> _Input_:
lemma sum_square_eq_upper_pairs_diag:
  fixes g :: "nat \<Rightarrow> nat \<Rightarrow> real"
  shows "(\<Sum>i<n. \<Sum>j<n. g i j)
           = (\<Sum>(i, j)\<in>upper_pairs n. g i j + g j i) + (\<Sum>i<n. g i i)"
proof -
  define h where "h = (\<lambda>(i, j). g i j)"
  have square: "{..<n} \<times> {..<n} = (upper_pairs n \<union> prod.swap ` upper_pairs n) \<union> (\<lambda>i. (i, i)) ` {..<n}"
    by (auto simp: upper_pairs_def image_iff)
  have "(\<Sum>i<n. \<Sum>j<n. g i j) = sum h ({..<n} \<times> {..<n})"
    by (simp add: h_def sum.cartesian_product)
  also have "\<dots> = sum h (upper_pairs n) + sum h (prod.swap ` upper_pairs n) + sum h ((\<lambda>i. (i, i)) ` {..<n})"
    unfolding square
    by (subst sum.union_disjoint; (subst sum.union_disjoint)?)
       (use finite_upper_pairs[of n] in \<open>auto simp: upper_pairs_def\<close>)
  also have "sum h (prod.swap ` upper_pairs n) = sum (h \<circ> prod.swap) (upper_pairs n)"
    by (rule sum.reindex) (auto intro: inj_on_subset[OF swap_inj_on])
  also have "sum h ((\<lambda>i. (i, i)) ` {..<n}) = (\<Sum>i<n. g i i)"
    by (subst sum.reindex) (auto simp: inj_on_def h_def)
  finally show ?thesis by (simp add: h_def sum.distrib case_prod_unfold)
qed

lemma cut_norm_le_iff:
  "cut_norm n H \<le> r \<longleftrightarrow>
     (\<forall>S T. S \<subseteq> {..<n} \<longrightarrow> T \<subseteq> {..<n} \<longrightarrow> \<bar>\<Sum>i\<in>S. \<Sum>j\<in>T. H i j\<bar> / (real n)\<^sup>2 \<le> r)"
proof -
  have "{\<bar>\<Sum>i\<in>S. \<Sum>j\<in>T. H i j\<bar> / (real n)\<^sup>2 | S T. S \<subseteq> {..<n} \<and> T \<subseteq> {..<n}}
      = (\<lambda>(S, T). \<bar>\<Sum>i\<in>S. \<Sum>j\<in>T. H i j\<bar> / (real n)\<^sup>2) ` (Pow {..<n} \<times> Pow {..<n})"
    by auto
  then show ?thesis unfolding cut_norm_def by (subst Max_le_iff) auto
qed

lemma cut_norm_le_entrywise_L1: "cut_norm n H \<le> (\<Sum>i<n. \<Sum>j<n. \<bar>H i j\<bar>) / (real n)\<^sup>2"
  unfolding cut_norm_le_iff
proof (intro allI impI)
  fix S T assume S: "S \<subseteq> {..<n}" and T: "T \<subseteq> {..<n}"
  have "\<bar>\<Sum>i\<in>S. \<Sum>j\<in>T. H i j\<bar> \<le> (\<Sum>i\<in>S. \<Sum>j\<in>T. \<bar>H i j\<bar>)"
    by (rule order_trans[OF sum_abs]) (intro sum_mono sum_abs)
  also have "\<dots> \<le> (\<Sum>i\<in>S. \<Sum>j<n. \<bar>H i j\<bar>)"
    by (intro sum_mono sum_mono2) (use T in auto)
  also have "\<dots> \<le> (\<Sum>i<n. \<Sum>j<n. \<bar>H i j\<bar>)"
    by (intro sum_mono2) (use S in \<open>auto intro: sum_nonneg\<close>)
  finally show "\<bar>\<Sum>i\<in>S. \<Sum>j\<in>T. H i j\<bar> / (real n)\<^sup>2 \<le> (\<Sum>i<n. \<Sum>j<n. \<bar>H i j\<bar>) / (real n)\<^sup>2"
    by (simp add: divide_right_mono)
qed

lemma cut_norm_le_one:
  assumes "\<And>i j. i < n \<Longrightarrow> j < n \<Longrightarrow> \<bar>H i j\<bar> \<le> 1"
  shows "cut_norm n H \<le> 1"
proof -
  have "cut_norm n H \<le> (\<Sum>i<n. \<Sum>j<n. \<bar>H i j\<bar>) / (real n)\<^sup>2" by (rule cut_norm_le_entrywise_L1)
  also have "\<dots> \<le> (\<Sum>i<n. \<Sum>j<n. (1::real)) / (real n)\<^sup>2"
    by (intro divide_right_mono sum_mono assms) auto
  also have "\<dots> \<le> 1" by (simp add: power2_eq_square)
  finally show ?thesis .
qed

lemma sum_rectangle_eq_masked_sum:
  fixes f :: "nat \<Rightarrow> nat \<Rightarrow> real"
  assumes "S \<subseteq> {..<n}" "T \<subseteq> {..<n}"
  shows "(\<Sum>i\<in>S. \<Sum>j\<in>T. f i j) = (\<Sum>i<n. \<Sum>j<n. if i \<in> S \<and> j \<in> T then f i j else 0)"
proof -
  have "(\<Sum>i\<in>S. \<Sum>j\<in>T. f i j) = (\<Sum>i<n. if i \<in> S then (\<Sum>j<n. if j \<in> T then f i j else 0) else 0)"
    using assms by (simp add: sum.If_cases Int_absorb1 Int_absorb2)
  also have "\<dots> = (\<Sum>i<n. \<Sum>j<n. if i \<in> S \<and> j \<in> T then f i j else 0)"
    by (intro sum.cong) auto
  finally show ?thesis .
qed

definition cut_weight :: "nat set \<Rightarrow> nat set \<Rightarrow> nat \<times> nat \<Rightarrow> real" where
  "cut_weight S T = (\<lambda>(i, j). (if i \<in> S \<and> j \<in> T then 1 else 0) + (if j \<in> S \<and> i \<in> T then 1 else 0))"

lemma abs_cut_weight_le: "\<bar>cut_weight S T e\<bar> \<le> 2"
  by (auto simp: cut_weight_def split: prod.split)

locale edge_probabilities =
  fixes n :: nat and Q :: "nat \<Rightarrow> nat \<Rightarrow> real"
  assumes n_ge_2: "n \<ge> 2"
    and symmetric: "\<And>i j. i < n \<Longrightarrow> j < n \<Longrightarrow> Q i j = Q j i"
    and bounded: "\<And>i j. i < n \<Longrightarrow> j < n \<Longrightarrow> 0 \<le> Q i j \<and> Q i j \<le> 1"
    and diag_zero: "\<And>i. i < n \<Longrightarrow> Q i i = 0"
begin

definition edge_pmf :: "(nat \<times> nat \<Rightarrow> bool) pmf" where
  "edge_pmf = Pi_pmf (upper_pairs n) False (\<lambda>e. bernoulli_pmf (case_prod Q e))"

definition deviation :: "(nat \<times> nat \<Rightarrow> bool) \<Rightarrow> nat \<Rightarrow> nat \<Rightarrow> real" where
  "deviation X = (\<lambda>i j. sym_adjacency X i j - Q i j)"

definition avg_degree :: real where
  "avg_degree = real n * density n Q"

lemma bern_eq: "bern n Q = map_pmf sym_adjacency edge_pmf"
  unfolding edge_pmf_def by (rule bern_eq_map_Pi_pmf)

lemma finite_set_edge_pmf: "finite (set_pmf edge_pmf)"
  unfolding edge_pmf_def by (rule finite_set_pmf_Pi_bernoulli) simp

lemma edge_prob_bounds: "e \<in> upper_pairs n \<Longrightarrow> 0 \<le> case_prod Q e \<and> case_prod Q e \<le> 1"
  using bounded by (auto simp: upper_pairs_def)

lemma sum_Q_eq_n_avg_degree: "(\<Sum>i<n. \<Sum>j<n. Q i j) = real n * avg_degree"
  using n_ge_2 by (simp add: avg_degree_def density_def power2_eq_square)

lemma sum_upper_pairs_Q: "(\<Sum>e\<in>upper_pairs n. case_prod Q e) = real n * avg_degree / 2"
proof -
  have "real n * avg_degree = (\<Sum>(i, j)\<in>upper_pairs n. Q i j + Q j i) + (\<Sum>i<n. Q i i)"
    by (simp only: sum_Q_eq_n_avg_degree [symmetric] sum_square_eq_upper_pairs_diag)
  also have "\<dots> = (\<Sum>e\<in>upper_pairs n. 2 * case_prod Q e)"
    by (auto simp: diag_zero upper_pairs_def symmetric intro!: sum.cong)
  finally show ?thesis by (simp add: sum_distrib_left [symmetric])
qed

lemma avg_degree_nonneg: "avg_degree \<ge> 0"
proof -
  have "0 \<le> (\<Sum>i<n. \<Sum>j<n. Q i j)" using bounded by (intro sum_nonneg) auto
  then show ?thesis using n_ge_2 by (simp add: sum_Q_eq_n_avg_degree zero_le_mult_iff)
qed

lemma sqrt_density_div_n: "sqrt (density n Q / real n) = sqrt avg_degree / real n"
proof -
  have "density n Q / real n = avg_degree / (real n)\<^sup>2"
    using n_ge_2 by (simp add: avg_degree_def power2_eq_square)
  then show ?thesis by (simp add: real_sqrt_divide)
qed

lemma abs_deviation_le_one: "i < n \<Longrightarrow> j < n \<Longrightarrow> \<bar>deviation X i j\<bar> \<le> 1"
  using bounded by (auto simp: deviation_def sym_adjacency_def)

lemma sum_rectangle_deviation:
  assumes "S \<subseteq> {..<n}" "T \<subseteq> {..<n}"
  shows "(\<Sum>i\<in>S. \<Sum>j\<in>T. deviation X i j)
           = (\<Sum>e\<in>upper_pairs n. cut_weight S T e * ((if X e then 1 else 0) - case_prod Q e))"
proof -
  define g where "g = (\<lambda>i j. if i \<in> S \<and> j \<in> T then deviation X i j else 0)"
  have "(\<Sum>i\<in>S. \<Sum>j\<in>T. deviation X i j) = (\<Sum>i<n. \<Sum>j<n. g i j)"
    unfolding g_def by (rule sum_rectangle_eq_masked_sum[OF assms])
  also have "\<dots> = (\<Sum>(i, j)\<in>upper_pairs n. g i j + g j i) + (\<Sum>i<n. g i i)"
    by (rule sum_square_eq_upper_pairs_diag)
  also have "(\<Sum>i<n. g i i) = 0"
    by (intro sum.neutral) (auto simp: g_def deviation_def sym_adjacency_def diag_zero)
  also have "(\<Sum>(i, j)\<in>upper_pairs n. g i j + g j i)
      = (\<Sum>e\<in>upper_pairs n. cut_weight S T e * ((if X e then 1 else 0) - case_prod Q e))"
    by (intro sum.cong refl)
       (auto simp: upper_pairs_def g_def deviation_def sym_adjacency_def cut_weight_def symmetric algebra_simps)
  finally show ?thesis by simp
qed

lemma cut_norm_deviation_gt_obtains_signed_sum:
  assumes "r < cut_norm n (deviation X)"
  obtains S T \<sigma> where "S \<subseteq> {..<n}" "T \<subseteq> {..<n}" "\<sigma> \<in> {1, -1}"
    and "(real n)\<^sup>2 * r \<le> (\<Sum>e\<in>upper_pairs n.
           (\<sigma> * cut_weight S T e) * ((if X e then 1 else 0) - case_prod Q e))"
proof -
  obtain S T where S: "S \<subseteq> {..<n}" and T: "T \<subseteq> {..<n}"
    and gt: "r < \<bar>\<Sum>i\<in>S. \<Sum>j\<in>T. deviation X i j\<bar> / (real n)\<^sup>2"
    using assms unfolding not_le [symmetric] cut_norm_le_iff by blast
  define Z where "Z = (\<Sum>e\<in>upper_pairs n. cut_weight S T e * ((if X e then 1 else 0) - case_prod Q e))"
  have "(real n)\<^sup>2 * r < \<bar>Z\<bar>"
    using gt n_ge_2 sum_rectangle_deviation[OF S T] by (simp add: Z_def field_simps)
  then obtain \<sigma> :: real where "\<sigma> \<in> {1, -1}" "(real n)\<^sup>2 * r \<le> \<sigma> * Z"
    by (cases "Z \<ge> 0") (auto intro: that[of 1] that[of "-1"])
  then show ?thesis
    using that[OF S T] by (simp add: Z_def sum_distrib_left mult.assoc)
qed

> _Description of the task_: Copy out the data above word for word, starting at its first line and ending with the line that contains "by (subst sum.union_disjoint;".

> _Expected output_:
lemma sum_square_eq_upper_pairs_diag:
  fixes g :: "nat \<Rightarrow> nat \<Rightarrow> real"
  shows "(\<Sum>i<n. \<Sum>j<n. g i j)
           = (\<Sum>(i, j)\<in>upper_pairs n. g i j + g j i) + (\<Sum>i<n. g i i)"
proof -
  define h where "h = (\<lambda>(i, j). g i j)"
  have square: "{..<n} \<times> {..<n} = (upper_pairs n \<union> prod.swap ` upper_pairs n) \<union> (\<lambda>i. (i, i)) ` {..<n}"
    by (auto simp: upper_pairs_def image_iff)
  have "(\<Sum>i<n. \<Sum>j<n. g i j) = sum h ({..<n} \<times> {..<n})"
    by (simp add: h_def sum.cartesian_product)
  also have "\<dots> = sum h (upper_pairs n) + sum h (prod.swap ` upper_pairs n) + sum h ((\<lambda>i. (i, i)) ` {..<n})"
    unfolding square
    by (subst sum.union_disjoint; (subst sum.union_disjoint)?)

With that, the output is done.